How to turn walking with a baby buggy into a great workout
I experimented by applying the Chi Running principles. It worked for me
Buggy goal: My aim is to return home with a clearer head – and, ideally, a sleeping baby.
I have spent a lot more time pushing a buggy over the past six months than I had originally envisaged. Thankfully, I have a baby who enjoys fresh air as much as I do.
We are both in better form after our leisurely daily walks. There is no focus on speed, fitness or distance. My aim is to return home with a clearer head and ideally a sleeping baby.
Initially, pushing the buggy felt awkward. Arm position, stride length and general posture are all different than walking solo. As new parents, we focus on making sure the baby is safe and secure in the buggy but forget that our buggy-pushing efforts and buggy set-up may impact our own health and cause injury.
It’s important that we consider our comfort as well that of baby.
Listen to your body
With all the settings and fancy gadgets in our modern buggies, most of us stick with the default and never change the handle height.
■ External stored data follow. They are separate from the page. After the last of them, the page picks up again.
(* Let $\mathcal{A}=\langle Q,\Sigma,\delta\rangle$ be a semisimple synchronizing automaton with $n=|Q|$ states and former-rank $r=\mathrm{Fr}(\mathcal{A})\ge 2$. Then $\mathcal{A}$ has a reset word of length at most $(n-1)D(2,r,n)$. In particular, $\mathcal{A}$ has a reset word of length at most $\dfrac{n(n-1)^2}{r(r-1)}$.
   Context: An automaton $\mathcal{A}=\langle Q,\Sigma,\delta\rangle$ has finite state set $Q=\{q_1,\dots,q_n\}$, finite alphabet $\Sigma$ and transition function $\delta:Q\times\Sigma\to Q$; write $q\cdot u$ for the action of a word $u\in\Sigma^*$, extended to subsets of $Q$. A word $u$ is reset (synchronizing) if $|Q\cdot u|=1$; $\mathrm{Syn}(\mathcal{A})$ denotes the set of reset words, and $\mathcal{A}$ is synchronizing if $\mathrm{Syn}(\mathcal{A})\neq\emptyset$. Each word $u$ acts linearly on $\mathbb{C}Q$ (basis $Q$) by $q\mapsto q\cdot u$; this action preserves $w^\perp=\{x\in\mathbb{C}Q:\langle x,w\rangle=0\}$, where $w=q_1+\dots+q_n$, and $u$ is reset iff it acts as $0$ on $w^\perp$. Let $\rho:\Sigma^*\to \mathrm{End}(w^\perp)\cong\mathbb{M}_{n-1}(\mathbb{C})$ be the induced representation ($\rho(uv)=\rho(u)\rho(v)$), and let $\mathcal{R}$ be the $\mathbb{C}$-subalgebra of $\mathbb{M}_{n-1}(\mathbb{C})$ generated by $\rho(\Sigma^* )$, with Jacobson radical $\mathrm{Rad}(\mathcal{R})$. The set of radical words is $\mathrm{Rad}(\mathcal{A})=\rho^{-1}(\mathrm{Rad}(\mathcal{R}))\supseteq\mathrm{Syn}(\mathcal{A})$. A synchronizing automaton is semisimple if $\mathrm{Rad}(\mathcal{A})=\mathrm{Syn}(\mathcal{A})$ (equivalently $\mathrm{Rad}(\mathcal{R})\cap\rho(\Sigma^* )=\{0\}$). The former-rank is $\mathrm{Fr}(\mathcal{A})=\min\{|Q\cdot u|: u\in\Sigma^*\setminus\mathrm{Syn}(\mathcal{A})\}$. For integers $t,r\le n$, the packing number $D(t,r,n)$ is the maximum size of a family of $r$-element subsets of $[1,n]$ such that no $t$-element subset is contained in more than one member of the family. *)

theory Defs
  imports Complex_Main "HOL-Library.Cardinality"
begin

text \<open>Automaton: finite state type 'q (n = CARD('q)), finite alphabet type 'a,
  transition function delta :: 'q => 'a => 'q. Words are lists over 'a.\<close>

definition word_act :: "('q \<Rightarrow> 'a \<Rightarrow> 'q) \<Rightarrow> 'q \<Rightarrow> 'a list \<Rightarrow> 'q" where
  "word_act \<delta> q u = foldl \<delta> q u"

definition is_reset :: "('q \<Rightarrow> 'a \<Rightarrow> 'q) \<Rightarrow> 'a list \<Rightarrow> bool" where
  "is_reset \<delta> u \<longleftrightarrow> card ((\<lambda>q. word_act \<delta> q u) ` UNIV) = 1"

definition Syn :: "('q \<Rightarrow> 'a \<Rightarrow> 'q) \<Rightarrow> 'a list set" where
  "Syn \<delta> = {u. is_reset \<delta> u}"

definition synchronizing :: "('q \<Rightarrow> 'a \<Rightarrow> 'q) \<Rightarrow> bool" where
  "synchronizing \<delta> \<longleftrightarrow> Syn \<delta> \<noteq> {}"

text \<open>Linear action of a word on CQ (vectors 'q => complex): basis vector q maps to q.u\<close>
definition lin_act :: "('q::finite \<Rightarrow> 'a \<Rightarrow> 'q) \<Rightarrow> 'a list \<Rightarrow> ('q \<Rightarrow> complex) \<Rightarrow> ('q \<Rightarrow> complex)" where
  "lin_act \<delta> u x = (\<lambda>p. \<Sum>q\<in>{q. word_act \<delta> q u = p}. x q)"

text \<open>w-perp, w = sum of all basis vectors: <x,w> = sum_q x_q * cnj 1\<close>
definition wperp :: "('q::finite \<Rightarrow> complex) set" where
  "wperp = {x. (\<Sum>q\<in>UNIV. x q * cnj 1) = 0}"

text \<open>Endomorphisms of w-perp are represented as maps on CQ that vanish outside w-perp.
  rho u is the restriction of the action of u to w-perp.\<close>
definition rho :: "('q::finite \<Rightarrow> 'a \<Rightarrow> 'q) \<Rightarrow> 'a list \<Rightarrow> ('q \<Rightarrow> complex) \<Rightarrow> ('q \<Rightarrow> complex)" where
  "rho \<delta> u = (\<lambda>x. if x \<in> wperp then lin_act \<delta> u x else (\<lambda>p. 0))"

inductive_set alg_gen :: "(('q \<Rightarrow> complex) \<Rightarrow> ('q \<Rightarrow> complex)) set
    \<Rightarrow> (('q \<Rightarrow> complex) \<Rightarrow> ('q \<Rightarrow> complex)) set" for S where
  gen: "f \<in> S \<Longrightarrow> f \<in> alg_gen S"
| zero: "(\<lambda>x. \<lambda>p. 0) \<in> alg_gen S"
| add: "f \<in> alg_gen S \<Longrightarrow> g \<in> alg_gen S \<Longrightarrow> (\<lambda>x. \<lambda>p. f x p + g x p) \<in> alg_gen S"
| smult: "f \<in> alg_gen S \<Longrightarrow> (\<lambda>x. (\<lambda>p. (c::complex) * f x p)) \<in> alg_gen S"
| mult: "f \<in> alg_gen S \<Longrightarrow> g \<in> alg_gen S \<Longrightarrow> (f \<circ> g) \<in> alg_gen S"

definition R_alg :: "('q::finite \<Rightarrow> 'a \<Rightarrow> 'q) \<Rightarrow> (('q \<Rightarrow> complex) \<Rightarrow> ('q \<Rightarrow> complex)) set" where
  "R_alg \<delta> = alg_gen (range (rho \<delta>))"

definition left_ideal :: "(('q \<Rightarrow> complex) \<Rightarrow> ('q \<Rightarrow> complex)) set
    \<Rightarrow> (('q \<Rightarrow> complex) \<Rightarrow> ('q \<Rightarrow> complex)) set \<Rightarrow> bool" where
  "left_ideal R L \<longleftrightarrow> L \<subseteq> R \<and> (\<lambda>x. \<lambda>p. 0) \<in> L
     \<and> (\<forall>f\<in>L. \<forall>g\<in>L. (\<lambda>x. \<lambda>p. f x p + g x p) \<in> L)
     \<and> (\<forall>f\<in>L. (\<lambda>x. \<lambda>p. - f x p) \<in> L)
     \<and> (\<forall>r\<in>R. \<forall>f\<in>L. r \<circ> f \<in> L)"

definition maximal_left_ideal :: "(('q \<Rightarrow> complex) \<Rightarrow> ('q \<Rightarrow> complex)) set
    \<Rightarrow> (('q \<Rightarrow> complex) \<Rightarrow> ('q \<Rightarrow> complex)) set \<Rightarrow> bool" where
  "maximal_left_ideal R L \<longleftrightarrow> left_ideal R L \<and> L \<noteq> R
     \<and> (\<forall>L'. left_ideal R L' \<and> L \<subseteq> L' \<longrightarrow> L' = L \<or> L' = R)"

definition jacobson_rad :: "(('q \<Rightarrow> complex) \<Rightarrow> ('q \<Rightarrow> complex)) set
    \<Rightarrow> (('q \<Rightarrow> complex) \<Rightarrow> ('q \<Rightarrow> complex)) set" where
  "jacobson_rad R = {f\<in>R. \<forall>L. maximal_left_ideal R L \<longrightarrow> f \<in> L}"

definition Rad_words :: "('q::finite \<Rightarrow> 'a \<Rightarrow> 'q) \<Rightarrow> 'a list set" where
  "Rad_words \<delta> = {u. rho \<delta> u \<in> jacobson_rad (R_alg \<delta>)}"

definition semisimple :: "('q::finite \<Rightarrow> 'a \<Rightarrow> 'q) \<Rightarrow> bool" where
  "semisimple \<delta> \<longleftrightarrow> synchronizing \<delta> \<and> Rad_words \<delta> = Syn \<delta>"

definition former_rank :: "('q \<Rightarrow> 'a \<Rightarrow> 'q) \<Rightarrow> nat" where
  "former_rank \<delta> = Min {card ((\<lambda>q. word_act \<delta> q u) ` UNIV) | u. u \<notin> Syn \<delta>}"

definition packing_number :: "nat \<Rightarrow> nat \<Rightarrow> nat \<Rightarrow> nat" where
  "packing_number t r n = Max {card F | F.
      F \<subseteq> {S. S \<subseteq> {1..n} \<and> card S = r}
      \<and> (\<forall>T. T \<subseteq> {1..n} \<and> card T = t \<longrightarrow> card {S\<in>F. T \<subseteq> S} \<le> 1)}"

end

theory Submission
  imports Defs
begin

(* In a semisimple automaton, a non-reset word u cannot satisfy rho(u) R rho(u) = 0, since
   such an element lies in the Jacobson radical of R. Hence some u y u is again non-reset, and
   choosing a non-reset factor of minimal rank yields a word w whose non-reset extensions all
   have the same rank m >= Fr. Along a shortest reset extension c of w, the images of w followed
   by the prefixes of c are m-subsets of Q any two of which share at most one state (two common
   states would be merged later, allowing a shorter reset extension), so |c| <= D(2,r,n).
   Every such c lowers the rank of a given word, so n - 1 rounds give a reset word; counting
   pairs gives D(2,r,n) r(r-1) <= n(n-1). *)

lemma wperp_iff: "x \<in> wperp \<longleftrightarrow> sum x UNIV = 0"
  by (simp add: wperp_def)

lemma zero_in_wperp [simp]: "(\<lambda>p. 0) \<in> wperp"
  by (simp add: wperp_iff)

lemma add_in_wperp: "x \<in> wperp \<Longrightarrow> y \<in> wperp \<Longrightarrow> (\<lambda>p. x p + y p) \<in> wperp"
  by (simp add: wperp_iff sum.distrib)

lemma smult_in_wperp: "x \<in> wperp \<Longrightarrow> (\<lambda>p. c * x p) \<in> wperp"
  by (simp add: wperp_iff sum_distrib_left[symmetric])

lemma word_act_Nil [simp]: "word_act \<delta> q [] = q"
  by (simp add: word_act_def)

lemma word_act_append [simp]: "word_act \<delta> q (u @ v) = word_act \<delta> (word_act \<delta> q u) v"
  by (simp add: word_act_def)

lemma sum_lin_act: "sum (lin_act \<delta> u x) UNIV = sum x UNIV"
proof -
  have "sum (lin_act \<delta> u x) UNIV = (\<Sum>p\<in>UNIV. sum x {q. q \<in> UNIV \<and> word_act \<delta> q u = p})"
    by (simp add: lin_act_def)
  also have "\<dots> = sum x UNIV"
    by (rule sum.group) auto
  finally show ?thesis .
qed

lemma lin_act_in_wperp: "x \<in> wperp \<Longrightarrow> lin_act \<delta> u x \<in> wperp"
  by (simp add: wperp_iff sum_lin_act)

lemma lin_act_Nil: "lin_act \<delta> [] x = x"
  by (simp add: lin_act_def)

lemma lin_act_append: "lin_act \<delta> (u @ v) x = lin_act \<delta> v (lin_act \<delta> u x)"
proof
  fix p
  have "lin_act \<delta> v (lin_act \<delta> u x) p
      = (\<Sum>s\<in>{s. word_act \<delta> s v = p}.
           sum x {q. q \<in> {q. word_act \<delta> (word_act \<delta> q u) v = p} \<and> word_act \<delta> q u = s})"
    unfolding lin_act_def by (intro sum.cong) auto
  also have "\<dots> = lin_act \<delta> (u @ v) x p"
    unfolding lin_act_def by (subst sum.group) auto
  finally show "lin_act \<delta> (u @ v) x p = lin_act \<delta> v (lin_act \<delta> u x) p" ..
qed

lemma lin_act_add: "lin_act \<delta> u (\<lambda>p. x p + y p) = (\<lambda>p. lin_act \<delta> u x p + lin_act \<delta> u y p)"
  by (simp add: lin_act_def sum.distrib)

lemma lin_act_smult: "lin_act \<delta> u (\<lambda>p. c * x p) = (\<lambda>p. c * lin_act \<delta> u x p)"
  by (simp add: lin_act_def sum_distrib_left)

definition wperp_endo :: "(('q::finite \<Rightarrow> complex) \<Rightarrow> ('q \<Rightarrow> complex)) \<Rightarrow> bool" where
  "wperp_endo f \<longleftrightarrow> (\<forall>x. x \<notin> wperp \<longrightarrow> f x = (\<lambda>p. 0)) \<and> (\<forall>x. f x \<in> wperp)
     \<and> (\<forall>x\<in>wperp. \<forall>y\<in>wperp. f (\<lambda>p. x p + y p) = (\<lambda>p. f x p + f y p))
     \<and> (\<forall>x\<in>wperp. \<forall>c. f (\<lambda>p. c * x p) = (\<lambda>p. c * f x p))"

lemma
  assumes "wperp_endo f"
  shows wperp_endo_outside: "x \<notin> wperp \<Longrightarrow> f x = (\<lambda>p. 0)"
    and wperp_endo_in_wperp: "f x \<in> wperp"
    and wperp_endo_add: "x \<in> wperp \<Longrightarrow> y \<in> wperp \<Longrightarrow> f (\<lambda>p. x p + y p) = (\<lambda>p. f x p + f y p)"
    and wperp_endo_smult: "x \<in> wperp \<Longrightarrow> f (\<lambda>p. c * x p) = (\<lambda>p. c * f x p)"
  using assms unfolding wperp_endo_def by blast+

lemma wperp_endo_zero: "wperp_endo f \<Longrightarrow> f (\<lambda>p. 0) = (\<lambda>p. 0)"
  using wperp_endo_smult[of f "\<lambda>p. 0" 0] by simp

lemma wperp_endo_comp:
  assumes "wperp_endo f" and "wperp_endo g"
  shows "wperp_endo (f \<circ> g)"
  using assms wperp_endo_zero[OF assms(1)] unfolding wperp_endo_def by auto

lemma rho_wperp_endo: "wperp_endo (rho \<delta> u)"
  unfolding wperp_endo_def rho_def
  by (auto simp: lin_act_in_wperp add_in_wperp smult_in_wperp lin_act_add lin_act_smult)

lemma rho_append: "rho \<delta> (u @ v) = rho \<delta> v \<circ> rho \<delta> u"
  by (auto simp: rho_def lin_act_append lin_act_in_wperp fun_eq_iff lin_act_def[of _ _ "\<lambda>p. 0"])

lemma rho_Nil: "x \<in> wperp \<Longrightarrow> rho \<delta> [] x = x"
  by (simp add: rho_def lin_act_Nil)

lemma rho_reset:
  assumes "is_reset \<delta> u"
  shows "rho \<delta> u = (\<lambda>x p. 0)"
proof -
  obtain c where "range (\<lambda>q. word_act \<delta> q u) = {c}"
    using assms unfolding is_reset_def by (rule card_1_singletonE)
  then have "\<And>q. word_act \<delta> q u = c" by auto
  then show ?thesis
    by (auto simp: rho_def lin_act_def wperp_iff fun_eq_iff)
qed

lemma alg_gen_wperp_endo:
  assumes "f \<in> alg_gen S" and "\<And>g. g \<in> S \<Longrightarrow> wperp_endo g"
  shows "wperp_endo f"
  using assms
proof (induction rule: alg_gen.induct)
  case (add f g)
  then show ?case
    by (auto simp: wperp_endo_def add_in_wperp algebra_simps fun_eq_iff)
next
  case (smult f c)
  then show ?case
    by (auto simp: wperp_endo_def smult_in_wperp algebra_simps fun_eq_iff)
next
  case (mult f g)
  then show ?case by (blast intro: wperp_endo_comp)
qed (auto simp: wperp_endo_def)

lemma R_alg_wperp_endo: "f \<in> R_alg \<delta> \<Longrightarrow> wperp_endo f"
  unfolding R_alg_def using alg_gen_wperp_endo rho_wperp_endo by blast

lemma alg_gen_invariant:
  assumes "f \<in> alg_gen S" and "z \<in> T"
    and "(\<lambda>p. 0) \<in> T"
    and "\<And>x y. x \<in> T \<Longrightarrow> y \<in> T \<Longrightarrow> (\<lambda>p. x p + y p) \<in> T"
    and "\<And>x c. x \<in> T \<Longrightarrow> (\<lambda>p. c * x p) \<in> T"
    and "\<And>g x. g \<in> S \<Longrightarrow> x \<in> T \<Longrightarrow> g x \<in> T"
  shows "f z \<in> T"
  using assms by (induction arbitrary: z rule: alg_gen.induct) auto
But in the same way as we all adjust a car seat when we move into a different car, we need to make sure the buggy fits our body each time we use it.
Don’t just use the settings your partner uses. As the baby gets heavier, it’s even more important to have good technique in lifting, carrying and pushing the baby along.
Just like running, some people look effortless with the buggy while others look tense and uncomfortable. I certainly want to be the former.
With no manual for buggy walking technique, I decided to experiment by applying the Chi Running principles to this newly acquired load. Now that my running was taking a back seat, working on my technique became a new opportunity to focus on making the most of time on the road while possibly helping my future running.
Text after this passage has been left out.